Should skip both if !hasOneUse. I thought SimplifyDemandedBits does this check already, so I don't know why ShrinkDemandedConstant doesn't also

arsenm added a comment.Jan 3 2019, 2:13 PM

Probably should try fixing ShrinkDemandedConstant first

rampitec marked an inline comment as done.Jan 3 2019, 2:26 PM

Probably should try fixing ShrinkDemandedConstant first

I do not see that a bug in the first place. You are creating mask and ask ShrinkDemandedConstant to do the job. My take it is assumed you did the checks needed and know what are you doing. I will just prevent legal optimizations elsewhere this way.

lib/Target/AMDGPU/SIISelLowering.cpp
8589–8590 ↗(On Diff #180126)

SimplifyDemandedBits does that check, but it does more, so in some cases it is able to work even with multiple uses.

rampitec marked an inline comment as done.Jan 4 2019, 12:27 PM

Probably should try fixing ShrinkDemandedConstant first

I have checked existing uses of ShrinkDemandedConstant, it doe snot look these uses really care about multiple use situation. Therefor I have moved single use check there.

Concerning SimplifyDemandedBits is handles multiple uses gracefully, which is documented:

Helper for SimplifyDemandedBits that can simplify an operation with multiple uses.

rampitec updated this revision to Diff 180303.Jan 4 2019, 12:28 PM
rampitec retitled this revision from [AMDGPU] Fixed cvt_f32_ubyte combine to Added single use check to ShrinkDemandedConstant.
rampitec edited the summary of this revision. (Show Details)

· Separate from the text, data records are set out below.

definition cond_maltese :: "(('d::finite \<Rightarrow> int) \<Rightarrow> 's) set \<Rightarrow> bool" where
  "cond_maltese X \<longleftrightarrow> (\<exists>W Z. W \<inter> Z = {} \<and> W \<union> Z = UNIV \<and> Z \<noteq> {} \<and>
     (\<forall>x \<in> X. \<forall>z \<in> Z. x((\<lambda>_. 0) := z) \<in> X) \<and>
     (\<forall>a \<in> proj X (lball (\<lambda>_. 0) 1). (\<forall>i \<in> lball (\<lambda>_. 0) 1 - {(\<lambda>_. 0)}. a i \<in> Z) \<longrightarrow>
        (\<forall>s. a((\<lambda>_. 0) := s) \<in> proj X (lball (\<lambda>_. 0) 1))))"

end

theory Submission
  imports Defs
begin

text \<open>Fix a symbol z \<in> Z. Since z may be written at any site, hence on any finite set, of a
  configuration of X, the group H_X is generated by the vectors e_s - e_z for the symbols s
  occurring in X: indeed \<Psi>(x(n := z), x) = e_{x_n} - e_z. Take F = B(0,3). Given x \<in> X,
  overwrite x by z on B(0,2) and then put an arbitrary symbol s of X at the origin. The result
  is still in X: the constraints are nearest-neighbour, and around the origin it agrees with a
  configuration carrying s at the origin surrounded by z. Both patterns agree with x on \<partial>F
  and the difference of their \<Psi>-values is e_s - e_z. Only part (i) of the hypothesis is
  needed; for a TMS it implies part (ii).\<close>

lemma lnorm_le_iff: "lnorm (n :: 'd::finite \<Rightarrow> int) \<le> r \<longleftrightarrow> (\<forall>i. \<bar>n i\<bar> \<le> r)"
  unfolding lnorm_def by (subst Max_le_iff) auto

lemma mem_lball_iff: "k \<in> lball c r \<longleftrightarrow> (\<forall>i. \<bar>k i - c i\<bar> \<le> r)"
  by (simp add: lball_def lnorm_le_iff)

lemma finite_lball: "finite (lball (c :: 'd::finite \<Rightarrow> int) r)"
proof (rule finite_subset)
  show "lball c r \<subseteq> PiE UNIV (\<lambda>i. {c i - r..c i + r})"
  proof
    fix k assume "k \<in> lball c r"
    then have "\<bar>k i - c i\<bar> \<le> r" for i by (simp add: mem_lball_iff)
    then show "k \<in> PiE UNIV (\<lambda>i. {c i - r..c i + r})"
      by (simp add: PiE_UNIV_domain abs_le_iff add.commute diff_le_eq le_diff_eq)
  qed
qed (rule finite_PiE; simp)

lemma lball_subset_lball_add:
  assumes "k \<in> lball c r"
  shows "lball k s \<subseteq> lball c (r + s)"
proof
  fix j assume "j \<in> lball k s"
  then have js: "\<bar>j i - k i\<bar> \<le> s" and kc: "\<bar>k i - c i\<bar> \<le> r" for i
    using assms by (simp_all add: mem_lball_iff)
  have "\<bar>j i - c i\<bar> \<le> r + s" for i
    using js[of i] kc[of i] by arith
  then show "j \<in> lball c (r + s)"
    by (simp add: mem_lball_iff)
qed

lemma lball_subset_lint: "lball c r \<subseteq> lint (lball c (r + 1))"
proof
  fix j assume "j \<in> lball c r"
  then have "lball j 1 \<subseteq> lball c (r + 1)"
    by (rule lball_subset_lball_add)
  moreover have "j \<in> lball j 1"
    by (simp add: mem_lball_iff)
  ultimately show "j \<in> lint (lball c (r + 1))"
    by (auto simp: lint_def)
qed

lemma gen_subgroup_uminus: "a \<in> gen_subgroup G \<Longrightarrow> (\<lambda>s. - a s) \<in> gen_subgroup G"
  using gen_subgroup.diff[OF gen_subgroup.zero] by simp

lemma gen_subgroup_add:
  "a \<in> gen_subgroup G \<Longrightarrow> b \<in> gen_subgroup G \<Longrightarrow> (\<lambda>s. a s + b s) \<in> gen_subgroup G"
  using gen_subgroup.diff[of a G "\<lambda>s. - b s"] gen_subgroup_uminus[of b G] by simp

lemma gen_subgroup_mono:
  assumes "G \<subseteq> gen_subgroup H"
  shows "gen_subgroup G \<subseteq> gen_subgroup H"
proof
  fix g assume "g \<in> gen_subgroup G"
  then show "g \<in> gen_subgroup H"
    by induction (use assms in \<open>auto intro: gen_subgroup.intros\<close>)
qed

definition unit_diff :: "'s \<Rightarrow> 's \<Rightarrow> 's \<Rightarrow> int" where
  "unit_diff z s = (\<lambda>t. (if t = s then 1 else 0) - (if t = z then 1 else 0))"

lemma PsiF_in_gen_unit_diff:
  assumes "finite D" and "\<forall>j\<in>D. a j \<in> S \<and> b j \<in> S"
  shows "PsiF D a b \<in> gen_subgroup (unit_diff z ` S)"
  using assms
proof (induction D rule: finite_induct)
  case empty
  then show ?case using gen_subgroup.zero by (simp add: PsiF_def)
next
  case (insert j D)
  have "PsiF (insert j D) a b = (\<lambda>t. PsiF D a b t + (unit_diff z (b j) t - unit_diff z (a j) t))"
    using insert.hyps by (auto simp: PsiF_def unit_diff_def fun_eq_iff)
  moreover have "(\<lambda>t. unit_diff z (b j) t - unit_diff z (a j) t) \<in> gen_subgroup (unit_diff z ` S)"
    using insert.prems by (auto intro: gen_subgroup.base gen_subgroup.diff)
  ultimately show ?case
    using insert by (simp add: gen_subgroup_add)
qed

lemma PsiF_cancel: "PsiF F a c s - PsiF F a b s = PsiF F b c s"
  by (simp add: PsiF_def sum_subtractf[symmetric])

lemma PsiF_fun_upd:
  assumes "finite F" and "k \<in> F"
  shows "PsiF F y (y(k := s)) = unit_diff (y k) s"
proof
  fix t
  have "PsiF F y (y(k := s)) t
      = (\<Sum>j\<in>F. if j = k then unit_diff (y k) s t else 0)"
    unfolding PsiF_def unit_diff_def by (rule sum.cong) auto
  then show "PsiF F y (y(k := s)) t = unit_diff (y k) s t"
    using assms by simp
qed

lemma Psi_eq_PsiF:
  assumes "finite D" and "{j. x j \<noteq> y j} \<subseteq> D"
  shows "Psi x y = PsiF D x y"
  unfolding Psi_def PsiF_def fun_eq_iff
  using assms by (auto intro: sum.mono_neutral_left)

lemma TMS_shift:
  assumes "x \<in> TMS A"
  shows "(\<lambda>n. x (\<lambda>i. n i + k i)) \<in> TMS A"
proof -
  have "(x (\<lambda>i. m i + k i), restrict (\<lambda>j. x (\<lambda>i. m i + k i + j i)) (lbdry (lball (\<lambda>_. 0) 1))) \<in> A"
    for m
    using assms unfolding TMS_def by blast
  then show ?thesis
    unfolding TMS_def by (simp add: ac_simps)
qed

lemma TMS_memI:
  assumes "\<forall>k. \<exists>v \<in> TMS A. \<forall>j \<in> lball k 1. v j = y j"
  shows "y \<in> TMS A"
  unfolding TMS_def
proof (intro CollectI allI)
  fix k
  obtain v where v: "v \<in> TMS A" "\<forall>j \<in> lball k 1. v j = y j"
    using assms by blast
  have "(\<lambda>i. k i + j i) \<in> lball k 1" if "j \<in> lbdry (lball (\<lambda>_. 0) 1)" for j
    using that by (auto simp: lbdry_def mem_lball_iff)
  then have "restrict (\<lambda>j. v (\<lambda>i. k i + j i)) (lbdry (lball (\<lambda>_. 0) 1))
           = restrict (\<lambda>j. y (\<lambda>i. k i + j i)) (lbdry (lball (\<lambda>_. 0) 1))"
    using v(2) by (intro restrict_ext) auto
  moreover have "v k = y k"
    using v(2) by (simp add: mem_lball_iff)
  moreover have "(v k, restrict (\<lambda>j. v (\<lambda>i. k i + j i)) (lbdry (lball (\<lambda>_. 0) 1))) \<in> A"
    using v(1) unfolding TMS_def by blast
  ultimately show "(y k, restrict (\<lambda>j. y (\<lambda>i. k i + j i)) (lbdry (lball (\<lambda>_. 0) 1))) \<in> A"
    by simp
qed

Moved single use check into ShrinkDemandedConstant.

arsenm accepted this revision.Jan 4 2019, 8:38 PM

LGTM

This revision is now accepted and ready to land.Jan 4 2019, 8:38 PM
This revision was automatically updated to reflect the committed changes.
fhahn added a subscriber: fhahn.Jan 7 2019, 6:32 AM

I am seeing a regression with this change on AArch64, where we do not use shrinked constants, e.g. for and/or if they have multiple users. I am not entirely sure what the problem is this patch is solving, as I am not familiar with AMDGPU. Is it a case where shrinking the constant leads to shrinking the related Op and in the end this introduces unnecessary conversion code, as multiple users require different bitwidths?

If that is the case, I am not sure if this is the best place to fix the issue. IIUC, shrinkDemandedBits just shrinks the constant of the passed in Op, but not the width of the result type of Op. So it seems to me that shrinking the constant should be independent of the users of Op.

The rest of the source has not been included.